──────── Dataset entries
(* Let $\mathcal{A}=(a_i)_{i=1}^\infty$ be a weakly increasing sequence of positive integers and let $k\geq 7$. If $\gcd A=1$ for every $(k-6)$-multisubset $A$ of $\{a_1,\ldots,a_k\}$, then the sequence $(p_\mathcal{A}(n,k))_{n\ge0}$ is asymptotically $2$-log-concave.
   Context: The restricted partition function $p_\mathcal{A}(n,k)$ is defined by $\sum_{n\ge0}p_\mathcal{A}(n,k)x^n=\prod_{i=1}^k(1-x^{a_i})^{-1}$ (partitions of $n$ with parts in the multiset $\{a_1,\ldots,a_k\}$, equal values with different indices counting as distinct colors). A $j$-multisubset of $\{a_1,\ldots,a_k\}$ is a sub-multiset obtained by choosing $j$ of the $k$ indices. For a real sequence $\omega=(w_i)_{i\ge0}$ define $\widehat{\mathcal L}\omega=(w_{i+1}^2-w_iw_{i+2})_{i\ge0}$ and $\widehat{\mathcal L}^j\omega=\widehat{\mathcal L}(\widehat{\mathcal L}^{j-1}\omega)$. The sequence $\omega$ is asymptotically $r$-log-concave if there is $N$ such that $(\widehat{\mathcal L}^j\omega)_i>0$ for all $j\in\{1,\ldots,r\}$ and all $i\geq N$. *)

theory Defs
  imports "HOL-Computational_Algebra.Computational_Algebra"
begin

definition p_A :: "(nat \<Rightarrow> nat) \<Rightarrow> nat \<Rightarrow> nat \<Rightarrow> real" where
  "p_A a n k = fps_nth (\<Prod>i\<in>{1..k}. inverse (1 - fps_X ^ (a i))) n"

definition Lhat :: "(nat \<Rightarrow> real) \<Rightarrow> (nat \<Rightarrow> real)" where
  "Lhat w = (\<lambda>i. (w (i+1))^2 - w i * w (i+2))"

definition asymp_r_log_concave :: "nat \<Rightarrow> (nat \<Rightarrow> real) \<Rightarrow> bool" where
  "asymp_r_log_concave r w \<longleftrightarrow>
     (\<exists>N. \<forall>j\<in>{1..r}. \<forall>i\<ge>N. (Lhat ^^ j) w i > 0)"

end

theory Submission
  imports Defs "HOL-Computational_Algebra.Field_as_Ring"
begin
────────────────
Assignment:
Please give the entries above again in full, exactly as written.

Written answer:
(* Let $\mathcal{A}=(a_i)_{i=1}^\infty$ be a weakly increasing sequence of positive integers and let $k\geq 7$. If $\gcd A=1$ for every $(k-6)$-multisubset $A$ of $\{a_1,\ldots,a_k\}$, then the sequence $(p_\mathcal{A}(n,k))_{n\ge0}$ is asymptotically $2$-log-concave.
   Context: The restricted partition function $p_\mathcal{A}(n,k)$ is defined by $\sum_{n\ge0}p_\mathcal{A}(n,k)x^n=\prod_{i=1}^k(1-x^{a_i})^{-1}$ (partitions of $n$ with parts in the multiset $\{a_1,\ldots,a_k\}$, equal values with different indices counting as distinct colors). A $j$-multisubset of $\{a_1,\ldots,a_k\}$ is a sub-multiset obtained by choosing $j$ of the $k$ indices. For a real sequence $\omega=(w_i)_{i\ge0}$ define $\widehat{\mathcal L}\omega=(w_{i+1}^2-w_iw_{i+2})_{i\ge0}$ and $\widehat{\mathcal L}^j\omega=\widehat{\mathcal L}(\widehat{\mathcal L}^{j-1}\omega)$. The sequence $\omega$ is asymptotically $r$-log-concave if there is $N$ such that $(\widehat{\mathcal L}^j\omega)_i>0$ for all $j\in\{1,\ldots,r\}$ and all $i\geq N$. *)

theory Defs
  imports "HOL-Computational_Algebra.Computational_Algebra"
begin

definition p_A :: "(nat \<Rightarrow> nat) \<Rightarrow> nat \<Rightarrow> nat \<Rightarrow> real" where
  "p_A a n k = fps_nth (\<Prod>i\<in>{1..k}. inverse (1 - fps_X ^ (a i))) n"

definition Lhat :: "(nat \<Rightarrow> real) \<Rightarrow> (nat \<Rightarrow> real)" where
  "Lhat w = (\<lambda>i. (w (i+1))^2 - w i * w (i+2))"

definition asymp_r_log_concave :: "nat \<Rightarrow> (nat \<Rightarrow> real) \<Rightarrow> bool" where
  "asymp_r_log_concave r w \<longleftrightarrow>
     (\<exists>N. \<forall>j\<in>{1..r}. \<forall>i\<ge>N. (Lhat ^^ j) w i > 0)"

end

theory Submission
  imports Defs "HOL-Computational_Algebra.Field_as_Ring"
begin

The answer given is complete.